Maksim Goldenshteyn is a good boy, always finding the time to visit his grandparents, an elderly couple of Soviet émigrés living in a Seattle apartment building, eating their old country food and watching Russian language TV. But one day, a simple question about their wartime experiences unleashes a flood of memories. “For all these years I’ve thought about it,” says his grandfather, Motl Braverman. “How could it have happened? How could they have taken children and killed them? I can’t understand it.” Maksim sets himself the task of finding out. So They Remember is the result.
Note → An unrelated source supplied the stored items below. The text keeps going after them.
lemma min_twice_segment_limit:
  assumes "tpoly_on UNIV f" and "\<forall>t\<in>{0<..1}. min_twice f (\<lambda>i. W i + t * D i)"
  shows "\<exists>u v. u \<noteq> v \<and> f u \<noteq> \<infinity> \<and> f v \<noteq> \<infinity>
    \<and> f u + ereal (mono_val u W) = trop_eval f W \<and> f v + ereal (mono_val v W) = trop_eval f W
    \<and> mono_val u D = mono_val v D"
proof -
  define S where "S = {u. f u \<noteq> \<infinity>}"
  define \<alpha> where "\<alpha> z = real_of_ereal (f z) + mono_val z W" for z
  define \<beta> where "\<beta> z = mono_val z D" for z
  have "finite S"
    using assms(1) by (simp add: tpoly_on_def S_def)
  have "\<exists>u\<in>S. \<exists>v\<in>S. u \<noteq> v \<and> \<alpha> u + t * \<beta> u = \<alpha> v + t * \<beta> v
      \<and> (\<forall>z\<in>S. \<alpha> u + t * \<beta> u \<le> \<alpha> z + t * \<beta> z)" if "t \<in> {0<..1}" for t
  proof -
    let ?Wt = "\<lambda>i. W i + t * D i"
    have min_at: "\<forall>z\<in>S. \<alpha> x + t * \<beta> x \<le> \<alpha> z + t * \<beta> z"
      if "f x \<noteq> \<infinity>" "f x + ereal (mono_val x ?Wt) = trop_eval f ?Wt" for x
    proof -
      from that(2) have "\<forall>z. f z \<noteq> \<infinity> \<longrightarrow>
          real_of_ereal (f x) + mono_val x ?Wt \<le> real_of_ereal (f z) + mono_val z ?Wt"
        unfolding term_eq_trop_eval_iff_real[OF assms(1) that(1)] .
      then show ?thesis
        by (simp add: S_def \<alpha>_def \<beta>_def mono_val_add_scaled add.assoc)
    qed
    have "min_twice f ?Wt"
      using assms(2) that by blast
    then obtain u v where "u \<noteq> v" "f u \<noteq> \<infinity>" "f v \<noteq> \<infinity>"
      and "f u + ereal (mono_val u ?Wt) = trop_eval f ?Wt"
      and "f v + ereal (mono_val v ?Wt) = trop_eval f ?Wt"
      unfolding min_twice_def by blast
    then have "u \<in> S" "v \<in> S"
      and min_u: "\<forall>z\<in>S. \<alpha> u + t * \<beta> u \<le> \<alpha> z + t * \<beta> z"
      and min_v: "\<forall>z\<in>S. \<alpha> v + t * \<beta> v \<le> \<alpha> z + t * \<beta> z"
      using min_at by (simp_all add: S_def)
    moreover have "\<alpha> u + t * \<beta> u = \<alpha> v + t * \<beta> v"
      using min_u min_v \<open>u \<in> S\<close> \<open>v \<in> S\<close> by (meson order.antisym)
    ultimately show ?thesis
      using \<open>u \<noteq> v\<close> by blast
  qed
  then have "\<exists>u\<in>S. \<exists>v\<in>S. u \<noteq> v \<and> \<alpha> u = \<alpha> v \<and> \<beta> u = \<beta> v \<and> (\<forall>z\<in>S. \<alpha> u \<le> \<alpha> z)"
    by (intro affine_min_twice_limit[OF \<open>finite S\<close>] ballI)
  then obtain u v where uv: "f u \<noteq> \<infinity>" "f v \<noteq> \<infinity>" "u \<noteq> v" "\<alpha> u = \<alpha> v" "\<beta> u = \<beta> v"
    and min: "\<forall>z. f z \<noteq> \<infinity> \<longrightarrow> \<alpha> u \<le> \<alpha> z"
    unfolding S_def by blast
  have "f u + ereal (mono_val u W) = trop_eval f W"
    unfolding term_eq_trop_eval_iff_real[OF assms(1) uv(1)] using min by (simp add: \<alpha>_def)
  moreover have "f v + ereal (mono_val v W) = trop_eval f W"
    unfolding term_eq_trop_eval_iff_real[OF assms(1) uv(2)] using min uv(4) by (simp add: \<alpha>_def)
  ultimately show ?thesis
    using uv unfolding \<beta>_def by blast
qed

lemma min_twice_restrict_at_of_segment:
  assumes "tpoly_on UNIV f" and "D l \<noteq> 0" and "\<forall>t\<in>{0<..1}. min_twice f (\<lambda>i. W i + t * D i)"
  shows "min_twice (restrict_at l (W l) f) (W(l := 0))"
proof -
  obtain u v where uv: "u \<noteq> v" "f u \<noteq> \<infinity>" "f v \<noteq> \<infinity>"
    "f u + ereal (mono_val u W) = trop_eval f W" "f v + ereal (mono_val v W) = trop_eval f W"
    and slope: "mono_val u D = mono_val v D"
    using min_twice_segment_limit[OF assms(1,3)] by blast
  have "u(l := 0) \<noteq> v(l := 0)"
  proof
    assume same: "u(l := 0) = v(l := 0)"
    then have "u l \<noteq> v l"
      using \<open>u \<noteq> v\<close> by (metis fun_upd_triv fun_upd_upd)
    moreover have "mono_val u D - mono_val v D = real_of_int (u l - v l) * D l"
      using mono_val_fun_upd[of u D l] mono_val_fun_upd[of v D l] same
      by (simp add: algebra_simps)
    ultimately show False
      using slope assms(2) by simp
  qed
  then show ?thesis
    using min_twice_restrict_atI uv by blast
qed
The Nazi invasion of the Soviet Union in June 1941 included almost 600,000 troops from Romania, a German ally whose southern oil fields were vital to the Nazi war effort. Romania regained Bukovyna and Bessarabia, territory it had lost to the Soviets in 1940. A grateful Adolf Hitler, meanwhile, granted Romania a swathe of occupied Ukraine east of the Dniester River, known as Transnistria.
The Jews of Transnistria found themselves living under both Romanian and German occupation. Ion Antonescu, Romania’s fascist Conducātor and a lifelong antisemite, made no secret of his intentions for the Jews in his newly acquired territories: “I give the mob complete license to slaughter them.” For a comparatively little-known historical character, Antonescu would rank second only to Hitler in orchestrating the most Jewish deaths during the Holocaust — more than 400,000.
In Bukovyna and Bessarabia, Jews were hunted down and killed by Romanian military police, often with the assistance of local citizens and informal militias. The slaughter and overt pillaging of Jewish homes and neighborhoods was so anarchic and so brutal that even the Wehrmacht and the German security police were horrified.
Meanwhile, in Transnistria, Jews (most of whom were Soviet citizens) were driven by the tens of thousands across the border into Nazi-occupied Ukraine and the hands of the Einsatzgruppen. And when the Nazis’ mobile killing squads were overwhelmed, the Romanians took matters into their own hands.
This is how thirteen-year-old Motl Braverman, a Ukrainian Jew, found himself, along with his family, being herded onto the grounds of a former country estate and sanitarium near the Ukrainian/Transnistrian village of Pechera. It was one of two hundred “concentration sites” in Transnistria where Jewish populations were expected to “thin out on their own.” No forced labor, no gas chambers, just a place where Jews were left to die slowly, without food, water, adequate shelter, or the rudiments of sanitation. Between 1941 and 1944, 11,000 souls would pass through Pechera, which was known to its inmates simply as “the Death Noose.”
Motl survived. A resourceful and courageous young man, he found ways to steal in and out of Pechera, to bring back food and, almost unbelievably, to spirit women and children to safety in nearby towns and villages where pockets of Jewish life unaccountably continued. After the war, he served proudly in the Soviet Army, then settled down to a quiet life as a shoemaker in Chernivitsi.
Eighty years later, our Holocaust narrative is built around the death factories: Auschwitz, Bełżec, Treblinka. But Motl’s story reminds us that the fate of the Jews of the USSR, like the fate of the Jews of Poland, all but played itself out long before the Wannsee Conference, where the Final Solution was codified in early 1942.
For Jews who found themselves behind Nazi lines, death of the most terrible kind quickly became everyday reality as the SS Einsatzgruppen, their Ukrainian and Romanian collaborators, and ordinary German soldiers went about their business. By the time the first extermination camps opened in 1942, the Holocaust was half over, its victims shoveled into mass graves at Pechara, at Babi Yar, and a thousand places in between.
“You listened,” Motl’s childhood friend, Boris, tells the author. “This is a mitzvah.”
We must listen too.
Angus Smith is a retired Canadian intelligence official, writer and Jewish educator who lives in rural Nova Scotia.